Depuis qu’Élisa avait appris que sa mère biologique n’était pas Waya, elle avait décidé de faire ce voyage pour retrouver ses parents. Elle avait attendu quelques jours après son anniversaire et avait récupéré toutes les informations que Waya possédait sur la maison où elle avait travaillé et la famille d’Élisa. Ce matin-là, elle partait en direction de la ville de ses parents en laissant derrière elle tout ce qu’elle avait connu. Elle ne savait pas encore si elle reviendrait. Elle n’avait pas réussi à aborder ce sujet avec Waya, elle avait trop peur qu’elles se mettent à pleurer.

*****

- Maman, elle revient quand Élisa ? demanda Sam.

 - Je ne sais pas... Tu sais, elle ne va peut-être pas revenir, lui répondit Waya.

- Si elle va revenir, elle m’a promis que quand j’aurais dix ans elle m’apprendrait à monter à cheval. Et mon anniversaire, c’est demain !

- Je sais mon chéri, mais Élisa est une femme maintenant et si elle veut partir, il faut l’accepter.

 - Mais, mais… bredouilla Sam au bord des larmes.

- Petit Sam ! cria une voix au loin.

Sam et Waya se retournèrent en direction de la voix. Élisa était juchée sur Tunder au bout du sentier menant à la maison.

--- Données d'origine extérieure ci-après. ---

lemma cfg_lang_pump:
  assumes T: "parse_tree P T" "tree_root T = NT S"
    and T1: "subtree T T1 u y" and T2: "proper_subtree T1 T2 v x"
    and A: "tree_root T1 = NT A" "tree_root T2 = NT A"
  shows "u @ concat (replicate i v) @ yield T2 @ concat (replicate i x) @ y \<in> cfg_lang P S"
proof -
  have T1_tree: "parse_tree P T1" using subtree_parse_tree[OF T1 T(1)] .
  have T2_sub: "subtree T1 T2 v x" using proper_subtree_imp_subtree[OF T2] .
  have "(derive1 P)\<^sup>*\<^sup>* [NT S] (map Tm u @ [NT A] @ map Tm y)"
    using subtree_derives[OF T1 T(1)] T(2) A by simp
  also have "(derive1 P)\<^sup>*\<^sup>* \<dots>
      (map Tm u @ (map Tm (concat (replicate i v)) @ [NT A] @ map Tm (concat (replicate i x))) @
       map Tm y)"
    using subtree_derives[OF T2_sub T1_tree] A by (intro derives_context derives_iterate) simp
  also have "(derive1 P)\<^sup>*\<^sup>* \<dots>
      ((map Tm u @ map Tm (concat (replicate i v))) @ map Tm (yield T2) @
       (map Tm (concat (replicate i x)) @ map Tm y))"
    using derives_context[OF parse_tree_derives[OF subtree_parse_tree[OF T2_sub T1_tree]],
        of "map Tm u @ map Tm (concat (replicate i v))" "map Tm (concat (replicate i x)) @ map Tm y"] A
    by simp
  finally show ?thesis unfolding cfg_lang_def by simp
qed

theorem context_free_pumping_length:
  fixes L :: "'t list set"
  assumes "context_free L"
  obtains p where "pumping_length L p"
proof -
  obtain P :: "(nat \<times> (nat, 't) sym list) set" and S where fin: "finite P" and L: "L = cfg_lang P S"
    using assms unfolding context_free_def by blast
  define K where "K = Suc (\<Sum>(A, \<beta>)\<in>P. length \<beta>)"
  have "length \<beta> \<le> (\<Sum>(A, \<beta>)\<in>P. length \<beta>)" if "(A, \<beta>) \<in> P" for A \<beta>
    using member_le_sum[OF that _ fin, of "\<lambda>(A, \<beta>). length \<beta>"] by simp
  then have K: "\<forall>(A, \<beta>)\<in>P. length \<beta> \<le> K" "1 \<le> K" unfolding K_def by fastforce+
  define p where "p = K ^ Suc (card (fst ` P))"
  have "pumping_length L p"
    unfolding pumping_length_def
  proof (intro ballI impI)
    fix z assume "z \<in> L" and long: "p < length z"
    then obtain T0 where "parse_tree P T0 \<and> tree_root T0 = NT S \<and> yield T0 = z"
      unfolding L cfg_lang_parse_tree by blast
    then obtain T where T: "parse_tree P T" "tree_root T = NT S" "yield T = z"
      and minimal: "\<And>T'. parse_tree P T' \<and> tree_root T' = NT S \<and> yield T' = z \<Longrightarrow>
        tree_size T \<le> tree_size T'"
      using ex_has_least_nat[of "\<lambda>T. parse_tree P T \<and> tree_root T = NT S \<and> yield T = z" T0 tree_size]
      by blast
    have "K ^ card (fst ` P) \<le> p" unfolding p_def using K(2) by (intro power_increasing) auto
    with long T(3) have "K ^ card (fst ` P) < length (yield T)" by simp
    then obtain T1 u y T2 v x A where T1: "subtree T T1 u y" "proper_subtree T1 T2 v x"
      "tree_root T1 = NT A" "tree_root T2 = NT A" "length (yield T1) \<le> p"
      unfolding p_def by (rule repeated_nonterminal_short_yield[OF T(1) fin K])
    have "v @ x \<noteq> []"
    proof (rule minimal_parse_tree_pump_nonempty[OF T(1) _ T1(1,2)])
      show "tree_size T \<le> tree_size T'"
        if "parse_tree P T'" "tree_root T' = tree_root T" "yield T' = yield T" for T'
        using minimal[of T'] that T by simp
    qed (use T1(3,4) in simp)
    moreover have "z = u @ v @ yield T2 @ x @ y"
      using subtree_yield[OF T1(1)] subtree_yield[OF proper_subtree_imp_subtree[OF T1(2)]] T(3)
      by simp
    moreover have "length (v @ x) \<le> p"
      using subtree_yield[OF proper_subtree_imp_subtree[OF T1(2)]] T1(5) by simp
    moreover have "\<forall>i. u @ concat (replicate i v) @ yield T2 @ concat (replicate i x) @ y \<in> L"
      using cfg_lang_pump[OF T(1,2) T1(1-4)] unfolding L by blast
    ultimately show "\<exists>u v w x y. z = u @ v @ w @ x @ y \<and> v @ x \<noteq> [] \<and> length (v @ x) \<le> p \<and>
      (\<forall>i. u @ concat (replicate i v) @ w @ concat (replicate i x) @ y \<in> L)"
      by blast
  qed
  then show ?thesis by (rule that)
qed

section \<open>Walks in a half-plane\<close>

definition step_proj :: "real \<Rightarrow> int \<times> int \<Rightarrow> real" where
  "step_proj \<theta> s = of_int (fst s) * sin \<theta> + of_int (snd s) * cos \<theta>"

definition word_proj :: "real \<Rightarrow> (int \<times> int) list \<Rightarrow> real" where
  "word_proj \<theta> w = sum_list (map (step_proj \<theta>) w)"

lemma word_proj_simps [simp]:
  "word_proj \<theta> [] = 0"
  "word_proj \<theta> (s # w) = step_proj \<theta> s + word_proj \<theta> w"
  "word_proj \<theta> (w1 @ w2) = word_proj \<theta> w1 + word_proj \<theta> w2"
  by (auto simp: word_proj_def)

lemma word_proj_replicate [simp]: "word_proj \<theta> (replicate n s) = real n * step_proj \<theta> s"
  by (induction n) (auto simp: algebra_simps)

lemma word_proj_concat_replicate [simp]:
  "word_proj \<theta> (concat (replicate n w)) = real n * word_proj \<theta> w"
  by (induction n) (auto simp: algebra_simps)

lemma word_proj_eq_coordinates:
  "word_proj \<theta> w = of_int (sum_list (map fst w)) * sin \<theta> + of_int (sum_list (map snd w)) * cos \<theta>"
  by (induction w) (auto simp: step_proj_def algebra_simps)

lemma walk_pos_eq_sum_take:
  "k \<le> length w \<Longrightarrow> walk_pos w k = (sum_list (map fst (take k w)), sum_list (map snd (take k w)))"
  unfolding walk_pos_def by (simp add: sum_list_sum_nth lessThan_atLeast0 min_absorb1)

lemma walk_in_halfplane_iff:
  "walk_in (halfplane \<theta>) w \<longleftrightarrow> (\<forall>k\<le>length w. 0 \<le> word_proj \<theta> (take k w))"
proof -
  have "walk_pos w k \<in> halfplane \<theta> \<longleftrightarrow> 0 \<le> word_proj \<theta> (take k w)" if "k \<le> length w" for k
    unfolding walk_pos_eq_sum_take[OF that] halfplane_def word_proj_eq_coordinates by simp
  then show ?thesis unfolding walk_in_def by blast
qed

lemma word_proj_nonneg_if_walks: "w \<in> walks (halfplane \<theta>) S \<Longrightarrow> 0 \<le> word_proj \<theta> w"
  unfolding walks_def walk_in_halfplane_iff by (auto dest: spec[of _ "length w"])

lemma replicate_two_steps_in_walks:
  assumes "A \<in> S" "B \<in> S" "0 \<le> step_proj \<theta> A" "step_proj \<theta> B \<le> 0"
    and "0 \<le> real n * step_proj \<theta> A + real m * step_proj \<theta> B"
  shows "replicate n A @ replicate m B \<in> walks (halfplane \<theta>) S"
proof -
  have "0 \<le> word_proj \<theta> (take k (replicate n A @ replicate m B))" if "k \<le> n + m" for k
  proof (cases "k \<le> n")
    case True
    then show ?thesis using assms(3) by simp
  next
    case False
    with that have "take k (replicate n A @ replicate m B) = replicate n A @ replicate (k - n) B"
      by simp
    moreover have "real m * step_proj \<theta> B \<le> real (k - n) * step_proj \<theta> B"
      using that assms(4) by (intro mult_right_mono_neg) auto
    ultimately show ?thesis using assms(5) by simp
  qed
  then show ?thesis using assms(1,2) unfolding walks_def walk_in_halfplane_iff by auto
qed

text \<open>Pumping down (\<open>i = 0\<close>) and pumping up (\<open>i \<rightarrow> \<infinity>\<close>) confine the projection of the
  pumped part.\<close>
lemma pumped_word_proj_bounds:
  assumes pumped: "\<forall>i. u @ concat (replicate i v) @ w @ concat (replicate i x) @ y \<in> walks (halfplane \<theta>) S"
  shows "0 \<le> word_proj \<theta> (v @ x)" and "word_proj \<theta> (v @ x) \<le> word_proj \<theta> (u @ v @ w @ x @ y)"
proof -
  define R where "R = word_proj \<theta> u + word_proj \<theta> w + word_proj \<theta> y"
  define c where "c = word_proj \<theta> (v @ x)"
  have R: "0 \<le> R + real i * c" for i
    using word_proj_nonneg_if_walks[OF pumped[rule_format, of i]]
    unfolding R_def c_def by (simp add: algebra_simps)
  show "0 \<le> word_proj \<theta> (v @ x)"
  proof (rule ccontr)
    assume "\<not> 0 \<le> word_proj \<theta> (v @ x)"
    then have neg: "0 < - c" unfolding c_def by simp
    obtain i :: nat where "R / - c < real i" using reals_Archimedean2 by blast
    then have "R < real i * - c" using pos_divide_less_eq[OF neg] by blast
    with R[of i] show False by simp
  qed
  have "word_proj \<theta> (u @ v @ w @ x @ y) = R + c" unfolding R_def c_def by simp
  with R[of 0] show "word_proj \<theta> (v @ x) \<le> word_proj \<theta> (u @ v @ w @ x @ y)"
    unfolding c_def by simp
qed

lemma length_eq_count_list_two:
  "set w \<subseteq> {A, B} \<Longrightarrow> A \<noteq> B \<Longrightarrow> length w = count_list w A + count_list w B"
  by (induction w) auto

lemma word_proj_count_list_two:
  "set w \<subseteq> {A, B} \<Longrightarrow> A \<noteq> B \<Longrightarrow>
   word_proj \<theta> w = real (count_list w A) * step_proj \<theta> A + real (count_list w B) * step_proj \<theta> B"
  by (induction w) (auto simp: algebra_simps)

section \<open>Small positive values of \<open>n a - m b\<close>\<close>

lemma positive_combinations_bounded_below:
  fixes a b :: real
  shows "\<exists>\<delta>>0. \<forall>j\<le>q. \<forall>k\<le>q. 0 < real j * a - real k * b \<longrightarrow> \<delta> \<le> real j * a - real k * b"
proof -
  define D where "D = {d \<in> (\<lambda>(j, k). real j * a - real k * b) ` ({..q} \<times> {..q}). 0 < d}"
  have "finite D" unfolding D_def by simp
  show ?thesis
  proof (cases "D = {}")
    case True
    then show ?thesis unfolding D_def by (intro exI[of _ 1]) force
  next
    case False
    have "0 < Min D" using Min_in[OF \<open>finite D\<close> False] unfolding D_def by blast
    moreover have "Min D \<le> real j * a - real k * b"
      if "j \<le> q" "k \<le> q" "0 < real j * a - real k * b" for j k
      using that \<open>finite D\<close> unfolding D_def by (intro Min_le) auto
    ultimately show ?thesis by blast
  qed
qed

lemma exists_small_positive_combination:
  fixes a b \<epsilon> :: real
  assumes a: "0 < a" and b: "0 < b" and irrational: "a / b \<notin> \<rat>" and \<epsilon>: "0 < \<epsilon>"
  obtains n m :: nat where "0 < real n * a - real m * b" "real n * a - real m * b < \<epsilon>"
proof -
  define \<eta> where "\<eta> = min (\<epsilon> / b) 1"
  have \<eta>: "0 < \<eta>" "\<eta> \<le> 1" "\<eta> \<le> \<epsilon> / b" using \<epsilon> b by (auto simp: \<eta>_def)
  obtain n :: nat where "\<bar>frac (real n * (a / b)) - \<eta> / 2\<bar> < \<eta> / 2"
    using Kronecker_approx_1_explicit[OF irrational, of "\<eta> / 2" "\<eta> / 2"] \<eta> by auto
  then have f: "0 < frac (real n * (a / b))" "frac (real n * (a / b)) < \<eta>" by linarith+
  define m where "m = nat \<lfloor>real n * (a / b)\<rfloor>"
  have "real m = real n * (a / b) - frac (real n * (a / b))"
    using a b unfolding m_def frac_def by simp
  then have "real n * a - real m * b = b * frac (real n * (a / b))"
    using b by (simp add: field_simps)
  moreover have "b * frac (real n * (a / b)) < \<epsilon>"
  proof -
    have "b * \<eta> \<le> \<epsilon>" using \<eta>(3) b by (simp add: field_simps)
    with mult_strict_left_mono[OF f(2) b] show ?thesis by linarith
  qed
  ultimately show ?thesis using that[of n m] f(1) b by simp
qed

- Tu viens ? Il faut que je t’apprenne à monter à cheval ! S

Sam sauta des genoux de Waya et courut vers Élisa : elle ne l’avait pas oublié. Waya sourit en la voyant heureuse de revoir ses frères et sœurs. Le soir, au coin du feu, Élisa raconta son voyage à sa mère : elle avait retrouvé ses parents et les avait vus heureux dans leur grande maison. Cela lui avait fait mal.

Après quelques semaines, elle avait réalisé que la famille c’est plus qu’un nom sur un bout de papier et que, sans l’abandon de cette femme, elle n’aurait jamais rencontré la sienne de famille.

Waya l’enlaça et elles se mirent à pleurer… mais cette fois, de joie.